* _Problem details_: For the word "lambda", state how many lines of the records include it, with no other text.

* _Saved entries_:
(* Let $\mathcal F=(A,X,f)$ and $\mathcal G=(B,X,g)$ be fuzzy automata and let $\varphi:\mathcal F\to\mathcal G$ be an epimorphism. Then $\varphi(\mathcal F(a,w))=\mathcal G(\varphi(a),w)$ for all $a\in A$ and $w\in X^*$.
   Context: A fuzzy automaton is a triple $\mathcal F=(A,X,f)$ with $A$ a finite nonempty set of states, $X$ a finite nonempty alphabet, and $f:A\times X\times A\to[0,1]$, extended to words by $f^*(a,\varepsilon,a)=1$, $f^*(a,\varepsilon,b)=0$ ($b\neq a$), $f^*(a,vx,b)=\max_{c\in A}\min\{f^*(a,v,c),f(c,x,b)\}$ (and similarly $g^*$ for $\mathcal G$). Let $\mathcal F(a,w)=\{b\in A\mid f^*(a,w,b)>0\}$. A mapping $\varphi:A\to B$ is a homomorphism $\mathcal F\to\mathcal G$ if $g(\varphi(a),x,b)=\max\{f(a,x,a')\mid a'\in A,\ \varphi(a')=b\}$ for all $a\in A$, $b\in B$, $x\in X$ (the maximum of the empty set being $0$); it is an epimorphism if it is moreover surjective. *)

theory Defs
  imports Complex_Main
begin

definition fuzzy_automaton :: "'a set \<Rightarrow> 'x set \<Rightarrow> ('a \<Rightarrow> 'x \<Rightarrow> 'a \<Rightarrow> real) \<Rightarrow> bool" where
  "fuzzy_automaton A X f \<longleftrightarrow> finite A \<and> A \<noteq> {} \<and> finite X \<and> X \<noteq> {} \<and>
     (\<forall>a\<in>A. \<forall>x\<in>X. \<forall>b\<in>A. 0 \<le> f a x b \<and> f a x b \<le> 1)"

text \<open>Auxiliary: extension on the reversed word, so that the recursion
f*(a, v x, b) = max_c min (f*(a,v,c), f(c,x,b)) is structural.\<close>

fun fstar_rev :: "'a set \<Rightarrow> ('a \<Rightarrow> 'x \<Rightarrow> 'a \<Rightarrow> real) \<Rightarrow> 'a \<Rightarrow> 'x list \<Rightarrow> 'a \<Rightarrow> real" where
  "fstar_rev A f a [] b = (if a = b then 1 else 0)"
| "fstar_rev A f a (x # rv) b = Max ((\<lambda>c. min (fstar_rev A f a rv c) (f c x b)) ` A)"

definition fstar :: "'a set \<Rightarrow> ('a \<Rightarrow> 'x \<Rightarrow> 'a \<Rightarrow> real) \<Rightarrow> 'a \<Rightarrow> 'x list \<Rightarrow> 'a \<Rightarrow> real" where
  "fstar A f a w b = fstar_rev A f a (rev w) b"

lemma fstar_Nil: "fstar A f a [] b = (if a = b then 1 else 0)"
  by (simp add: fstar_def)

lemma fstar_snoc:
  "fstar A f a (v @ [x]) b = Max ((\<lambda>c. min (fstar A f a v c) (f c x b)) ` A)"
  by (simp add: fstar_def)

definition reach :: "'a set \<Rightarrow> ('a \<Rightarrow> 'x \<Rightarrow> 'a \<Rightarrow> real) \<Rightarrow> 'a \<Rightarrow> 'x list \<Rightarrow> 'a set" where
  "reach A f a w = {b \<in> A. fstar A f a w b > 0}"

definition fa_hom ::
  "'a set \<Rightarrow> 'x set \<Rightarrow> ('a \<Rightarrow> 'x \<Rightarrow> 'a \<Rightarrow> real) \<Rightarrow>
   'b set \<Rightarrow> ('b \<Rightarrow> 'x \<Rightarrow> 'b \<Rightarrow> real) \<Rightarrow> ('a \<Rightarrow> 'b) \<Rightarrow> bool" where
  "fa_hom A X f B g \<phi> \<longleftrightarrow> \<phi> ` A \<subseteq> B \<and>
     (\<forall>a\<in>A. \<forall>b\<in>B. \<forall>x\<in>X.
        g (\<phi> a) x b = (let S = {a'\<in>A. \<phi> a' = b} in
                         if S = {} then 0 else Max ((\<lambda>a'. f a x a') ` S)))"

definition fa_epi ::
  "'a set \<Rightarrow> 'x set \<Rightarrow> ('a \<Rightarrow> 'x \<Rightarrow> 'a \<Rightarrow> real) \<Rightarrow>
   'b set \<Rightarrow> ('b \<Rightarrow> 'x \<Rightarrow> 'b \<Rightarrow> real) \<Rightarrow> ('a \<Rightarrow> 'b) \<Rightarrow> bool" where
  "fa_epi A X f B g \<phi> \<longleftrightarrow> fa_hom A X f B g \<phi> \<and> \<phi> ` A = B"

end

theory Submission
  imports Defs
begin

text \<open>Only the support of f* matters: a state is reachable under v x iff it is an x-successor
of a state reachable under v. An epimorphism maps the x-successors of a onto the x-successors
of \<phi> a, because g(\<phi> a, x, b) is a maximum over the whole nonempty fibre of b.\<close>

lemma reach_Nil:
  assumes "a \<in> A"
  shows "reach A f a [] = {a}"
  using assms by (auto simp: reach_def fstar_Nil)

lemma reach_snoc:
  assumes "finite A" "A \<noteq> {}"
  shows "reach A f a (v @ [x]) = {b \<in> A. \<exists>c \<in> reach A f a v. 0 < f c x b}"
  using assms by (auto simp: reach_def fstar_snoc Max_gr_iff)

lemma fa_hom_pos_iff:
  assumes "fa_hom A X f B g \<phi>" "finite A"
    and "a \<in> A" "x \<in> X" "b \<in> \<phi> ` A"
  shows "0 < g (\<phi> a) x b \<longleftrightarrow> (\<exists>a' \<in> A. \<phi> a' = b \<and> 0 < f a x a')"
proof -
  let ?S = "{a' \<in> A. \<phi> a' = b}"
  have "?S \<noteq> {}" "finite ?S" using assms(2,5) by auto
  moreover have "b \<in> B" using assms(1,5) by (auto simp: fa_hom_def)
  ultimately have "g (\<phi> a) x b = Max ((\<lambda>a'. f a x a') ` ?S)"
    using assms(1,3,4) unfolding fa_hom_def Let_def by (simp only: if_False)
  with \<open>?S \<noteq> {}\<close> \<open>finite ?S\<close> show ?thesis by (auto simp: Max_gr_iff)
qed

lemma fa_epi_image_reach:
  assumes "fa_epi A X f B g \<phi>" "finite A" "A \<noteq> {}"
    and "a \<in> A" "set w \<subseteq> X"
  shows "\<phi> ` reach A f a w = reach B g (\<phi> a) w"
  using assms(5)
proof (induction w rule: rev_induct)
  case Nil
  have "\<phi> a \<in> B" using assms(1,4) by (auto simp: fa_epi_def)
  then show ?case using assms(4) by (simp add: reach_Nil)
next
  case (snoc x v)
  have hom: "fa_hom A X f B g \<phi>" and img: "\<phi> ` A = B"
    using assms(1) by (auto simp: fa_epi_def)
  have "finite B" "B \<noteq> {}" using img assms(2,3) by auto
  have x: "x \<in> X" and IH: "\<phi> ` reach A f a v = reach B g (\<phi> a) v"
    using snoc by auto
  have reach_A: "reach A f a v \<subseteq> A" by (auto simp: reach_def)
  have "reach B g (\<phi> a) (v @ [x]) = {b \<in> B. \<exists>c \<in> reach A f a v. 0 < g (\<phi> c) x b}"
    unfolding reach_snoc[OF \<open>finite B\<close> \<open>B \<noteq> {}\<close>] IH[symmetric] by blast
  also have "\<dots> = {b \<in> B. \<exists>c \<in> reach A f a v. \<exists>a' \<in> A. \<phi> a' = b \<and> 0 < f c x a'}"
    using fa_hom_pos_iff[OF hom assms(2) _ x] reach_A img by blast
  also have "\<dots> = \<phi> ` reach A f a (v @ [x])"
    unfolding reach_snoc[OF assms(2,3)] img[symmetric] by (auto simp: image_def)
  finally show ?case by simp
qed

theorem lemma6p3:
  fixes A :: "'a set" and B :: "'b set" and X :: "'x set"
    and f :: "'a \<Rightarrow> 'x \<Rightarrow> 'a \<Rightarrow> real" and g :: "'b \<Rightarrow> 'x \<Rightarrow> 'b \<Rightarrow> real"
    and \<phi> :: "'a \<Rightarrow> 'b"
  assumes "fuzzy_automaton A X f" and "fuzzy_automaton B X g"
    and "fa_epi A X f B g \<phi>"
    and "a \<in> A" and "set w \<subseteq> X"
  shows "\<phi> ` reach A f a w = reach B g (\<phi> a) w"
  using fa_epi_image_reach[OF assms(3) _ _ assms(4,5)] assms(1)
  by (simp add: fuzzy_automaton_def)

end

* _Response box_: 4